However, I do not believe that it is necessary to add an additional aim in Schedule 2, principle A. Sustainability and environmental protection are explicitly mentioned in the principle already, and it is clear that progressing our net-zero priorities would fall into these categories. Adding a further requirement on all subsidies and schemes, on top of those existing principles and regardless of whether the subsidy or scheme has a specific net-zero aim or impact, is not necessary given the existing comprehensive set of regulatory requirements on public authorities. I have mentioned several of these already but they include the legally binding environmental targets in the Environment Act, for example. It could even disincentivise other valuable subsidies that improve environmental protections but would not have a direct net-zero component.
The Minister and the Government have been consistent in saying that moves are unnecessary, specifically because of principle G, but principle G says that
“beneficial effects (in terms of achieving their specific policy objective) should outweigh any negative effects”.
The “beneficial effects” are the achieving of the “policy objective”, so if the policy objective has nothing whatever to do with sustainability—it could well be market support in one area—then only beneficial effects with regard to that “specific policy objective” will be taken into consideration. There will not necessarily be beneficial impacts on sustainability, net zero or climate because the beneficial effects are very narrowly defined under principle G. So the necessary element still stands because the Government have restricted beneficial effects only to those linked with the original policy objective.
I think we discussed this earlier. I am really not sure of the point the noble Lord is trying to make.
Amendments 12 and 29, tabled by the noble Baronesses, Lady Boycott and Lady Sheehan, and the noble Lord, Lord Whitty, would prevent subsidies that would relieve their beneficiaries from their liabilities as a polluter. Provision already exists in the Bill to protect the “polluter pays” principle for any subsidy in relation to energy and environment. Principle B in Schedule 2 sets this out explicitly:
“Subsidies in relation to energy and environment shall not relieve the beneficiary from liabilities arising from its responsibilities as a polluter under the law of England and Wales, Scotland or Northern Ireland.”
Clause 13(3)(b) ensures that a public authority
“must not make the scheme unless it is of the view that the subsidies provided for by the scheme will be consistent with those principles.”
As I have previously set out, it is right that the provisions in the “polluter pays” principle apply only where they are relevant. That principle has long-standing foundations in UK law—including, most recently, in the provisions of the Environment Act 2021, which I also covered earlier.

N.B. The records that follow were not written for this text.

(* Let $\epsilon>0$, $q>0$, let $\Lambda_\epsilon$ be an $\epsilon$-lattice under the $\ell_2$ norm, let $\mathbf{x}\in\mathbb{R}^d$, and let $\boldsymbol\theta$ be uniformly random in $\mathbf{Vor}(\mathbf{0})$. Then the number of lattice points $\boldsymbol\lambda\in\Lambda_\epsilon$ with $\mathbf{x}+\boldsymbol\theta\in\mathbf{Vor}^+(\boldsymbol\lambda)$ is at most $(1+2q)^{2d}$ with probability at least $1-(1+2q)^{-d}$.
   Context: A lattice is the set of integer combinations of a basis of $\mathbb{R}^d$. Under $\ell_2$, its packing radius $r_p$ is the supremum of $r$ such that balls of radius $r$ around distinct lattice points are disjoint and its cover radius $r_c$ is the infimum of $r$ such that balls of radius $r$ around lattice points cover $\mathbb{R}^d$; an $\epsilon$-lattice has $\epsilon=r_p\le r_c\le3\epsilon$. The Voronoi region of $\boldsymbol\lambda$ is $\mathbf{Vor}(\boldsymbol\lambda)=\{\mathbf{x}:\|\mathbf{x}-\boldsymbol\lambda\|_2<\|\mathbf{x}-\boldsymbol\lambda'\|_2\ \forall\boldsymbol\lambda'\in\Lambda_\epsilon\setminus\{\boldsymbol\lambda\}\}$. The expanded Voronoi region $\mathbf{Vor}^+(\boldsymbol\lambda)$ is the set of points within $\ell_2$ distance $2q\epsilon$ of $\mathbf{Vor}(\boldsymbol\lambda)$. *)

theory Defs
  imports "HOL-Analysis.Analysis" "HOL-Probability.Probability"
begin

definition is_basis :: "'a::euclidean_space set \<Rightarrow> bool" where
  "is_basis B \<longleftrightarrow> independent B \<and> finite B \<and> card B = DIM('a)"

definition lattice_of :: "'a::euclidean_space set \<Rightarrow> 'a set" where
  "lattice_of B = {v. \<exists>c::'a \<Rightarrow> int. v = (\<Sum>b\<in>B. of_int (c b) *\<^sub>R b)}"

definition is_lattice :: "'a::euclidean_space set \<Rightarrow> bool" where
  "is_lattice L \<longleftrightarrow> (\<exists>B. is_basis B \<and> L = lattice_of B)"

Amendment 33 would prohibit subsidies for fossil fuels, including those subsidies that fall within the definition used by the IMF for fossil fuel subsidies. This would include subsidies for fossil fuel development and for the construction of new unmitigated fossil fuel-powered electricity generation, either in the UK or abroad. The principles in Schedule 2 to the Bill will help ensure that energy and environment subsidies contribute to optimal outcomes for UK citizens, recognising the importance of a secure, affordable and sustainable energy system and increasing levels of environmental protection.
I am fully in agreement with the noble Baroness, Lady Sheehan, that inefficient fossil fuel subsidies encourage wasteful consumption, reduce our energy security, impede investment in clean energy sources and undermine efforts to deal with the threat of climate change. However, I cannot accept this amendment because unabated gas-fired generation currently plays a critical role in keeping Great Britain’s electricity system secure and stable. New-build gas generation capacity will continue to be needed to ensure security of supply until clean alternatives are deployable at scale.

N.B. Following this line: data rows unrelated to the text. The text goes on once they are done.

lemma poly_growth_bound:
  assumes "poly_growth f"
  shows "\<exists>B p. 0 \<le> B \<and> (\<forall>k q. p \<le> q \<longrightarrow> \<bar>f k\<bar> \<le> B * (1 + real (absk k)) ^ q)"
proof -
  obtain B p where f: "\<And>k. \<bar>f k\<bar> \<le> B * (1 + real (absk k)) ^ p"
    using assms unfolding poly_growth_def by blast
  have "0 \<le> B"
    using f[of 0] by (simp add: absk_def order_trans[OF abs_ge_zero])
  moreover have "\<bar>f k\<bar> \<le> B * (1 + real (absk k)) ^ q" if "p \<le> q" for k q
    using f[of k] mult_left_mono[OF power_increasing[OF that] \<open>0 \<le> B\<close>, of "1 + real (absk k)"]
    by simp
  ultimately show ?thesis by blast
qed

lemma poly_growth_add:
  assumes "poly_growth f" "poly_growth h"
  shows "poly_growth (\<lambda>k. f k + h k)"
proof -
  obtain B p where f: "\<And>k q. p \<le> q \<Longrightarrow> \<bar>f k\<bar> \<le> B * (1 + real (absk k)) ^ q"
    using poly_growth_bound[OF assms(1)] by blast
  obtain C q where h: "\<And>k q'. q \<le> q' \<Longrightarrow> \<bar>h k\<bar> \<le> C * (1 + real (absk k)) ^ q'"
    using poly_growth_bound[OF assms(2)] by blast
  have "\<bar>f k + h k\<bar> \<le> (B + C) * (1 + real (absk k)) ^ (p + q)" for k
    using abs_triangle_ineq[of "f k" "h k"] f[of "p + q" k] h[of "p + q" k]
    by (simp add: distrib_right)
  then show ?thesis unfolding poly_growth_def by blast
qed

lemma poly_growth_mult:
  assumes "poly_growth f" "poly_growth h"
  shows "poly_growth (\<lambda>k. f k * h k)"
proof -
  obtain B p where "0 \<le> B" and f: "\<And>k q. p \<le> q \<Longrightarrow> \<bar>f k\<bar> \<le> B * (1 + real (absk k)) ^ q"
    using poly_growth_bound[OF assms(1)] by blast
  obtain C q where h: "\<And>k q'. q \<le> q' \<Longrightarrow> \<bar>h k\<bar> \<le> C * (1 + real (absk k)) ^ q'"
    using poly_growth_bound[OF assms(2)] by blast
  have "\<bar>f k * h k\<bar> \<le> (B * C) * (1 + real (absk k)) ^ (p + q)" for k
    using mult_mono[OF f[OF order_refl] h[OF order_refl] _ abs_ge_zero, of k k] \<open>0 \<le> B\<close>
    by (simp add: abs_mult power_add algebra_simps)
  then show ?thesis unfolding poly_growth_def by blast
qed

lemma poly_growth_diff:
  assumes "poly_growth f" "poly_growth h"
  shows "poly_growth (\<lambda>k. f k - h k)"
  using poly_growth_add[OF assms(1) poly_growth_mult[OF poly_growth_const[of "-1"] assms(2)]]
  by simp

Will the Minister address the points about how the regulated asset base will be considered—I understand his comments about that—and specifically about support for the small reactor scheme for Rolls-Royce?
The noble Lord makes some valid points on the RAB mechanism, which will be debated in full on the upcoming nuclear Bill, but I will write to him on the specific points, particularly about support for the SMR reactors he talked about. I point out that existing subsidy schemes are of course excluded from the Bill. No doubt he will want to ask what happens if we want to award a similar subsidy in the future.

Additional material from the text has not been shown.